Bara meraih handuk kecil yang berada di atas gantungan, lalu menggasak rambutnya sekilas dengan kain itu. Tak lupa pula, ia meraih handuk lain yang berukuran lebih besar untuk mengeringkan pinggang sampai lututnya.
Walaupun kepalanya masih terasa cukup pening, ditambah tubuhnya pun masih setia berteriak menggigil, Bara tetap memaksakan diri untuk mandi dan bertingkah seolah semuanya baik-baik saja.
Biasanya dengan cara mengabaikan, ia akan kembali sehat seperti sedia kala.
Beruntung, matahari masih menunjukan atmosfir cerahnya. Ia pun memanfaatkan hal ini untuk sekedar menghangatkan suhu tubuh dan menghilangkan buliran air dari pori-pori kulitnya.
Dengan santai, Bara berjalan ke depan teras rumah. Kelopak matanya sesekali tertutup, kala ia tengah meregangkan otot-ototnya yang kaku. Jadwal tidur yang berantakan pun membuat dirinya tak henti menguap karena kelelahan.
Bara menatap langit biru yang kemungkinan akan berubah menjadi kelabu lagi seperti hari lalu.
Dan ketika mengingat rona atap bumi yang keruh seperti kemarin, ia mulai teringat kembali pada sore itu.
Semu di wajahnya dengan samar-samar mulai berubah. Semangat untuk menjalani harinya yang memang sudah tersisa sedikit pun semakin terkikis dibuatnya.
Lebih baik Bara tak memikirkan hal ini lebih jauh agar hatinya tak kembali bergemuruh.
Tetapi satu yang pasti, ia berharap Kana pulang dalam keadaan baik-baik saja.
Namun ketika Bara hendak berlalu untuk mengistirahatkan tubuhnya di atas kursi, netranya dengan cepat menangkap sesuatu yang tak asing. Dan objek yang ia lihat itu secara serentak menghentikan fungsi otaknya. Bara benar-benar membeku. Kontak mata pun tak terelakan saling bertaut dan enggan terputus.
Ini... Bukan imajinasi, kan? Apa jangan-jangan... Ini salah satu gejala dari demamnya?

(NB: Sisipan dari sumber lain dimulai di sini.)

theorem theorem5p5:
  fixes n :: nat and d :: "nat \<Rightarrow> nat"
  assumes "degree_sequence n d" and "4 \<le> n"
  shows "(\<exists>E. realization n d E \<and> cactus {1..n} E \<and> bridgeless {1..n} E \<and> bipartite {1..n} E)
     \<longleftrightarrow> ((\<Sum>i=1..n. d i) div 2 \<le> 2 * ((2 * (n - 1)) div 3)
          \<and> even ((\<Sum>i=1..n. d i) div 2) \<and> (\<forall>i\<in>{1..n}. even (d i)))"
proof -
  have positive: "\<forall>i\<in>{1..n}. 1 \<le> d i" and even_sum: "even (\<Sum>i=1..n. d i)"
    using assms(1) unfolding degree_sequence_def by auto
  have "(\<exists>E. realization n d E \<and> cactus {1..n} E \<and> bridgeless {1..n} E \<and> bipartite {1..n} E)
      \<longleftrightarrow> (\<exists>E. bipartite_bridgeless_cactus {1..n} E \<and> (\<forall>i\<in>{1..n}. card {e \<in> E. i \<in> e} = d i))"
    unfolding realization_def bipartite_bridgeless_cactus_def cactus_def by blast
  also have "\<dots> \<longleftrightarrow> (\<forall>i\<in>{1..n}. even (d i)) \<and> 4 dvd (\<Sum>i=1..n. d i)
      \<and> 3 * (\<Sum>i=1..n. d i) \<le> 8 * (n - 1)"
    using bipartite_bridgeless_cactus_realization_iff[OF _ _ positive] assms(2) by simp
  also have "\<dots> \<longleftrightarrow> ((\<Sum>i=1..n. d i) div 2 \<le> 2 * ((2 * (n - 1)) div 3)
      \<and> even ((\<Sum>i=1..n. d i) div 2) \<and> (\<forall>i\<in>{1..n}. even (d i)))"
    using even_half_bound_iff[OF even_sum, of "n - 1"] by blast
  finally show ?thesis .
qed

end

Karena saat ini, ia melihat Kana berada tepat di hadapannya.
"B-bar?..."
Dan ketika Bara mendengar dengan jelas namanya terucap dari bibir itu, lamunannya pun buyar dalam sekejap.
Tetapi belum sempat ia bertindak, hembusan angin yang mengenai kulit dadanya membuat Bara kembali mengawang.

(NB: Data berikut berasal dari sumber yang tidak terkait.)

lemma integral_time_difference_ge:
  assumes s: "s \<in> {0..T}" and t: "t \<in> {0..T}" and dt: "0 < dt" "\<bar>s - t\<bar> \<le> dt"
    and u: "Lp \<Omega> (3/2) u" and v: "Lp \<Omega> (3/2) v"
  shows "(energy t u - energy s v) / dt - 2/3 * L\<gamma> * \<phi>u * (\<integral>x. sqrt \<bar>u x\<bar> ^ 3 \<partial>lebesgue_on \<Omega>)
    \<le> (\<integral>x. \<phi> x / dt * (rho \<gamma> t x (u x) - rho \<gamma> s x (v x)) * u x \<partial>lebesgue_on \<Omega>)"
proof -
  note [measurable] = \<phi>_measurable \<gamma>_measurable[OF s] \<gamma>_measurable[OF t]
    Lp_three_halvesD(1)[OF u] Lp_three_halvesD(1)[OF v]
  note iu = integrable_energy_density[OF t u] and iv = integrable_energy_density[OF s v]
    and iN = Lp_three_halvesD(2)[OF u] and iN' = Lp_three_halvesD(2)[OF v]
  have bounds: "AE x in lebesgue_on \<Omega>. \<phi>l \<le> \<phi> x \<and> \<phi> x \<le> \<phi>u \<and> \<gamma>l \<le> \<gamma> x t \<and> \<gamma> x t \<le> \<gamma>u
      \<and> \<gamma>l \<le> \<gamma> x s \<and> \<gamma> x s \<le> \<gamma>u \<and> \<gamma> x s \<le> \<gamma> x t + L\<gamma> * dt"
    using \<phi>_bounds_AE \<gamma>_bounds_AE[OF t] \<gamma>_bounds_AE[OF s] \<gamma>_Lipschitz[OF s t]
  proof eventually_elim
    case (elim x)
    have "L\<gamma> * \<bar>s - t\<bar> \<le> L\<gamma> * dt" using dt L\<gamma>_nonneg by (intro mult_left_mono)
    then show ?case using elim by auto
  qed
  have iR: "integrable (lebesgue_on \<Omega>) (\<lambda>x. \<phi> x / dt * (\<gamma> x t * sqrt (u x) - \<gamma> x s * sqrt (v x)) * u x)"
  proof (rule Bochner_Integration.integrable_bound)
    show "integrable (lebesgue_on \<Omega>) (\<lambda>x. \<phi>u / dt * \<gamma>u * (2 * sqrt \<bar>u x\<bar> ^ 3 + sqrt \<bar>v x\<bar> ^ 3))"
      using iN iN' by simp
    show "AE x in lebesgue_on \<Omega>. norm (\<phi> x / dt * (\<gamma> x t * sqrt (u x) - \<gamma> x s * sqrt (v x)) * u x)
        \<le> norm (\<phi>u / dt * \<gamma>u * (2 * sqrt \<bar>u x\<bar> ^ 3 + sqrt \<bar>v x\<bar> ^ 3))"
      using bounds
    proof eventually_elim
      case (elim x)
      then have "\<bar>\<phi> x / dt * (\<gamma> x t * sqrt (u x) - \<gamma> x s * sqrt (v x)) * u x\<bar>
          \<le> \<phi>u / dt * \<gamma>u * (2 * sqrt \<bar>u x\<bar> ^ 3 + sqrt \<bar>v x\<bar> ^ 3)"
        using \<phi>l_pos \<gamma>l_pos dt by (intro abs_time_difference_le) auto
      moreover have "0 \<le> \<phi>u / dt * \<gamma>u * (2 * sqrt \<bar>u x\<bar> ^ 3 + sqrt \<bar>v x\<bar> ^ 3)"
        using elim \<phi>l_pos \<gamma>l_pos dt by simp
      ultimately show ?case by (simp only: real_norm_def abs_of_nonneg)
    qed
  qed measurable
  have "(energy t u - energy s v) / dt - 2/3 * L\<gamma> * \<phi>u * (\<integral>x. sqrt \<bar>u x\<bar> ^ 3 \<partial>lebesgue_on \<Omega>)
      = (\<integral>x. (\<phi> x * \<gamma> x t * sqrt \<bar>u x\<bar> ^ 3 / 3 - \<phi> x * \<gamma> x s * sqrt \<bar>v x\<bar> ^ 3 / 3) / dt
            - 2/3 * L\<gamma> * \<phi>u * sqrt \<bar>u x\<bar> ^ 3 \<partial>lebesgue_on \<Omega>)"
    using iu iv iN by (simp add: energy_def)
  also have "\<dots> \<le> (\<integral>x. \<phi> x / dt * (\<gamma> x t * sqrt (u x) - \<gamma> x s * sqrt (v x)) * u x \<partial>lebesgue_on \<Omega>)"
  proof (rule integral_mono_AE)
    show "integrable (lebesgue_on \<Omega>) (\<lambda>x. (\<phi> x * \<gamma> x t * sqrt \<bar>u x\<bar> ^ 3 / 3
        - \<phi> x * \<gamma> x s * sqrt \<bar>v x\<bar> ^ 3 / 3) / dt - 2/3 * L\<gamma> * \<phi>u * sqrt \<bar>u x\<bar> ^ 3)"
      using iu iv iN by simp
    show "AE x in lebesgue_on \<Omega>. (\<phi> x * \<gamma> x t * sqrt \<bar>u x\<bar> ^ 3 / 3 - \<phi> x * \<gamma> x s * sqrt \<bar>v x\<bar> ^ 3 / 3) / dt
        - 2/3 * L\<gamma> * \<phi>u * sqrt \<bar>u x\<bar> ^ 3
        \<le> \<phi> x / dt * (\<gamma> x t * sqrt (u x) - \<gamma> x s * sqrt (v x)) * u x"
      using bounds
    proof eventually_elim
      case (elim x)
      have "L\<gamma> * \<phi> x * sqrt \<bar>u x\<bar> ^ 3 \<le> L\<gamma> * \<phi>u * sqrt \<bar>u x\<bar> ^ 3"
        using elim L\<gamma>_nonneg by (intro mult_right_mono mult_left_mono) auto
      moreover have "(\<phi> x * \<gamma> x t * sqrt \<bar>u x\<bar> ^ 3 / 3 - \<phi> x * \<gamma> x s * sqrt \<bar>v x\<bar> ^ 3 / 3) / dt
          - 2/3 * L\<gamma> * \<phi> x * sqrt \<bar>u x\<bar> ^ 3
          \<le> \<phi> x / dt * (\<gamma> x t * sqrt (u x) - \<gamma> x s * sqrt (v x)) * u x"
        using elim \<phi>l_pos \<gamma>l_pos dt by (intro time_difference_ge) auto
      ultimately show ?case by linarith
    qed
  qed (rule iR)
  finally show ?thesis by (simp add: rho_eq_sqrt)
qed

Ia melirik tubuhnya, lalu melirik Kana, dan secara otomatis bola matanya pun mulai terbelalak.
Dalam hitungan detik, Bara segera berlari masuk ke dalam rumahnya tanpa mengucapkan apa-apa.
SIAL, SIAL, SAAT INI IA TAK MENGENAKAN ATASAN!
Bara meraih tumpukan pakaian yang berada di dalam keranjang tanpa memilihnya terlebih dahulu. Yang mana saja, ia tak peduli, saat ini jantungnya berdegup terlalu cepat untuk bisa berpikir jernih. Bahkan tangannya mulai bergetar ketika ia mengenakan kaos hitam itu.
Bara terlalu terguncang saat menyadari bahwa Kana melihatnya dengan penampilan seperti ini. Bukan apa-apa, Bara hanya takut jika sosok itu merasa tak nyaman seperti kejadian beberapa bulan yang lalu.
Jangan, jangan sampai.
Namun, jika memang hanya itu kekhawatiran Bara, lantas mengapa benaknya terasa seperti terbakar?
Entahlah, ia merasa sedikit malu.
Dan di luar bangunan, Kana masih berdiri mematung di tempatnya. Tetapi kepalanya sudah berpaling ke arah yang berlawanan sekarang.
Jemarinya meremat tas jinjing yang ia bawa, sementara tangannya yang lain ia kibas-kibaskan seolah memaksakan sang udara untuk mendinginkan wajahnya yang memanas.
Sepertinya, wajah Kana sudah mirip seperti tomat matang sekarang.
Mengapa ia menjadi gugup tanpa alasan seperti ini?
KAMU SEDANG MEMBACA
Arkana dan Albara
RomansaSurat cinta untuk masa remaja, simfoni pahit dan manisnya cinta pertama, senandung kosong berdebu dari sebuah duka. . . . Arkana memutuskan untuk kembali melanjutkan hidupnya setelah sempat terjatuh ke jurang depresi. Rumah baru, sekolah baru, kota...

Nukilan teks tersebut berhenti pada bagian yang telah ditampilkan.